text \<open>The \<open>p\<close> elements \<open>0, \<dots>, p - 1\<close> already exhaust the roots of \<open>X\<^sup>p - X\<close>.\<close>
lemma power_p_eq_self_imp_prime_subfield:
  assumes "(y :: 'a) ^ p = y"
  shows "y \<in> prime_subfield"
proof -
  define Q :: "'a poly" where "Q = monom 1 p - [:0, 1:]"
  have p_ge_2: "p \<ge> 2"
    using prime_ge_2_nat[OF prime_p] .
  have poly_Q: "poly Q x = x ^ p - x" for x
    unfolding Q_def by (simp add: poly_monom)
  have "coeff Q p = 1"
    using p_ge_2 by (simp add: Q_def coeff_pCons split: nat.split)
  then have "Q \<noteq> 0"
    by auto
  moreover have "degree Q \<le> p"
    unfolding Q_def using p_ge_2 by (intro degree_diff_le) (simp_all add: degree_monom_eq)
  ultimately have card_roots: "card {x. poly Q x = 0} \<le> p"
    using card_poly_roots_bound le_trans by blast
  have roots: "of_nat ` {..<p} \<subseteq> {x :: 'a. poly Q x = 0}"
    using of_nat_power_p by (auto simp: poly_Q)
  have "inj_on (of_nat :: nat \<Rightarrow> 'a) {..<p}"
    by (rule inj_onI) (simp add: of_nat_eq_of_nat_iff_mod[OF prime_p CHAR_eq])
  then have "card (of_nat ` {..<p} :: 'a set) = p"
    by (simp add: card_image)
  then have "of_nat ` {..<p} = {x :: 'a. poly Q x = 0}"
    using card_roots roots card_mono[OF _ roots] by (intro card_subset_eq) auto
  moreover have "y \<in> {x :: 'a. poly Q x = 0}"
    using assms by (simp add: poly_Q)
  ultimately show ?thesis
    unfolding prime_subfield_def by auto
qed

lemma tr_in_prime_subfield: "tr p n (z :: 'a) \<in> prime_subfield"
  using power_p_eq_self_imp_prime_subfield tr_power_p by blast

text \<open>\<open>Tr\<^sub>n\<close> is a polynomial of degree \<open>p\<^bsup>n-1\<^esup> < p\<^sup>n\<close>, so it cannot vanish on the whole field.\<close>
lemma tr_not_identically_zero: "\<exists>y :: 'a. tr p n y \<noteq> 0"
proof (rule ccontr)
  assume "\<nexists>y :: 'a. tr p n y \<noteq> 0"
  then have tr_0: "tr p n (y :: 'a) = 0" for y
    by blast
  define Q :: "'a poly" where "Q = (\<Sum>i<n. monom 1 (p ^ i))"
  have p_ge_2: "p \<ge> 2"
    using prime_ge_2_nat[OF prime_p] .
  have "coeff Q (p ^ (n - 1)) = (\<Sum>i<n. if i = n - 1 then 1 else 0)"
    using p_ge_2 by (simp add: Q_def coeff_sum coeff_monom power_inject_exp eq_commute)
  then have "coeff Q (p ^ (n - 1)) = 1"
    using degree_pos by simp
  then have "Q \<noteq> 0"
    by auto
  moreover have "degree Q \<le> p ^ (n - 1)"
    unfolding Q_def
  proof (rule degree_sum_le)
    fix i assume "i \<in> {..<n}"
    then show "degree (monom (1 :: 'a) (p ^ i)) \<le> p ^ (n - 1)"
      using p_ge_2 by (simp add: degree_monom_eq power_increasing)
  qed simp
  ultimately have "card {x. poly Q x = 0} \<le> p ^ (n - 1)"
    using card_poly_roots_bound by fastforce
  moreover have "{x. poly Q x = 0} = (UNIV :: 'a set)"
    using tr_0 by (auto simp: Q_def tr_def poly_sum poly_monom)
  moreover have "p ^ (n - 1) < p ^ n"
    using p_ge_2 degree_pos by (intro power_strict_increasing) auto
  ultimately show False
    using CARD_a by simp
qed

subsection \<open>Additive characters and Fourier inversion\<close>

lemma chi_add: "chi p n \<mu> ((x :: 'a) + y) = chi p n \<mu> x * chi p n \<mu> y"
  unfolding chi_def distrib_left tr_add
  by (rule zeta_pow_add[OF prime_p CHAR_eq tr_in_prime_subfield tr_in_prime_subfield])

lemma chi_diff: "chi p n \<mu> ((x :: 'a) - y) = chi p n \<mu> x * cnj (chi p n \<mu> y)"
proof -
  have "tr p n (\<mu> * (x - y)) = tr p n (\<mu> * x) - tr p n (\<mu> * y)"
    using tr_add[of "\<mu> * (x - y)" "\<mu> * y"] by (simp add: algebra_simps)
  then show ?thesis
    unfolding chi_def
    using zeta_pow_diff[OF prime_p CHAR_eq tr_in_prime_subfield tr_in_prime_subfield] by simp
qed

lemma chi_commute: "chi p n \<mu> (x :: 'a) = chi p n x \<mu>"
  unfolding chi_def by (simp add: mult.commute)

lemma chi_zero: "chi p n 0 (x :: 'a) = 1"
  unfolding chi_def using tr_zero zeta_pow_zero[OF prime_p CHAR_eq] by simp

- - -

## TASK DESCRIPTION
Give every record again, exactly as it reads.

## RESPONSE AREA
text \<open>The \<open>p\<close> elements \<open>0, \<dots>, p - 1\<close> already exhaust the roots of \<open>X\<^sup>p - X\<close>.\<close>
lemma power_p_eq_self_imp_prime_subfield:
  assumes "(y :: 'a) ^ p = y"
  shows "y \<in> prime_subfield"
proof -
  define Q :: "'a poly" where "Q = monom 1 p - [:0, 1:]"
  have p_ge_2: "p \<ge> 2"
    using prime_ge_2_nat[OF prime_p] .
  have poly_Q: "poly Q x = x ^ p - x" for x
    unfolding Q_def by (simp add: poly_monom)
  have "coeff Q p = 1"
    using p_ge_2 by (simp add: Q_def coeff_pCons split: nat.split)
  then have "Q \<noteq> 0"
    by auto
  moreover have "degree Q \<le> p"
    unfolding Q_def using p_ge_2 by (intro degree_diff_le) (simp_all add: degree_monom_eq)
  ultimately have card_roots: "card {x. poly Q x = 0} \<le> p"
    using card_poly_roots_bound le_trans by blast
  have roots: "of_nat ` {..<p} \<subseteq> {x :: 'a. poly Q x = 0}"
    using of_nat_power_p by (auto simp: poly_Q)
  have "inj_on (of_nat :: nat \<Rightarrow> 'a) {..<p}"
    by (rule inj_onI) (simp add: of_nat_eq_of_nat_iff_mod[OF prime_p CHAR_eq])
  then have "card (of_nat ` {..<p} :: 'a set) = p"
    by (simp add: card_image)
  then have "of_nat ` {..<p} = {x :: 'a. poly Q x = 0}"
    using card_roots roots card_mono[OF _ roots] by (intro card_subset_eq) auto
  moreover have "y \<in> {x :: 'a. poly Q x = 0}"
    using assms by (simp add: poly_Q)
  ultimately show ?thesis
    unfolding prime_subfield_def by auto
qed

lemma tr_in_prime_subfield: "tr p n (z :: 'a) \<in> prime_subfield"
  using power_p_eq_self_imp_prime_subfield tr_power_p by blast

text \<open>\<open>Tr\<^sub>n\<close> is a polynomial of degree \<open>p\<^bsup>n-1\<^esup> < p\<^sup>n\<close>, so it cannot vanish on the whole field.\<close>
lemma tr_not_identically_zero: "\<exists>y :: 'a. tr p n y \<noteq> 0"
proof (rule ccontr)
  assume "\<nexists>y :: 'a. tr p n y \<noteq> 0"
  then have tr_0: "tr p n (y :: 'a) = 0" for y
    by blast
  define Q :: "'a poly" where "Q = (\<Sum>i<n. monom 1 (p ^ i))"
  have p_ge_2: "p \<ge> 2"
    using prime_ge_2_nat[OF prime_p] .
  have "coeff Q (p ^ (n - 1)) = (\<Sum>i<n. if i = n - 1 then 1 else 0)"
    using p_ge_2 by (simp add: Q_def coeff_sum coeff_monom power_inject_exp eq_commute)
  then have "coeff Q (p ^ (n - 1)) = 1"
    using degree_pos by simp
  then have "Q \<noteq> 0"
    by auto
  moreover have "degree Q \<le> p ^ (n - 1)"
    unfolding Q_def
  proof (rule degree_sum_le)
    fix i assume "i \<in> {..<n}"
    then show "degree (monom (1 :: 'a) (p ^ i)) \<le> p ^ (n - 1)"
      using p_ge_2 by (simp add: degree_monom_eq power_increasing)
  qed simp
  ultimately have "card {x. poly Q x = 0} \<le> p ^ (n - 1)"
    using card_poly_roots_bound by fastforce
  moreover have "{x. poly Q x = 0} = (UNIV :: 'a set)"
    using tr_0 by (auto simp: Q_def tr_def poly_sum poly_monom)
  moreover have "p ^ (n - 1) < p ^ n"
    using p_ge_2 degree_pos by (intro power_strict_increasing) auto
  ultimately show False
    using CARD_a by simp
qed

subsection \<open>Additive characters and Fourier inversion\<close>

lemma chi_add: "chi p n \<mu> ((x :: 'a) + y) = chi p n \<mu> x * chi p n \<mu> y"
  unfolding chi_def distrib_left tr_add
  by (rule zeta_pow_add[OF prime_p CHAR_eq tr_in_prime_subfield tr_in_prime_subfield])

lemma chi_diff: "chi p n \<mu> ((x :: 'a) - y) = chi p n \<mu> x * cnj (chi p n \<mu> y)"
proof -
  have "tr p n (\<mu> * (x - y)) = tr p n (\<mu> * x) - tr p n (\<mu> * y)"
    using tr_add[of "\<mu> * (x - y)" "\<mu> * y"] by (simp add: algebra_simps)
  then show ?thesis
    unfolding chi_def
    using zeta_pow_diff[OF prime_p CHAR_eq tr_in_prime_subfield tr_in_prime_subfield] by simp
qed

lemma chi_commute: "chi p n \<mu> (x :: 'a) = chi p n x \<mu>"
  unfolding chi_def by (simp add: mult.commute)

lemma chi_zero: "chi p n 0 (x :: 'a) = 1"
  unfolding chi_def using tr_zero zeta_pow_zero[OF prime_p CHAR_eq] by simp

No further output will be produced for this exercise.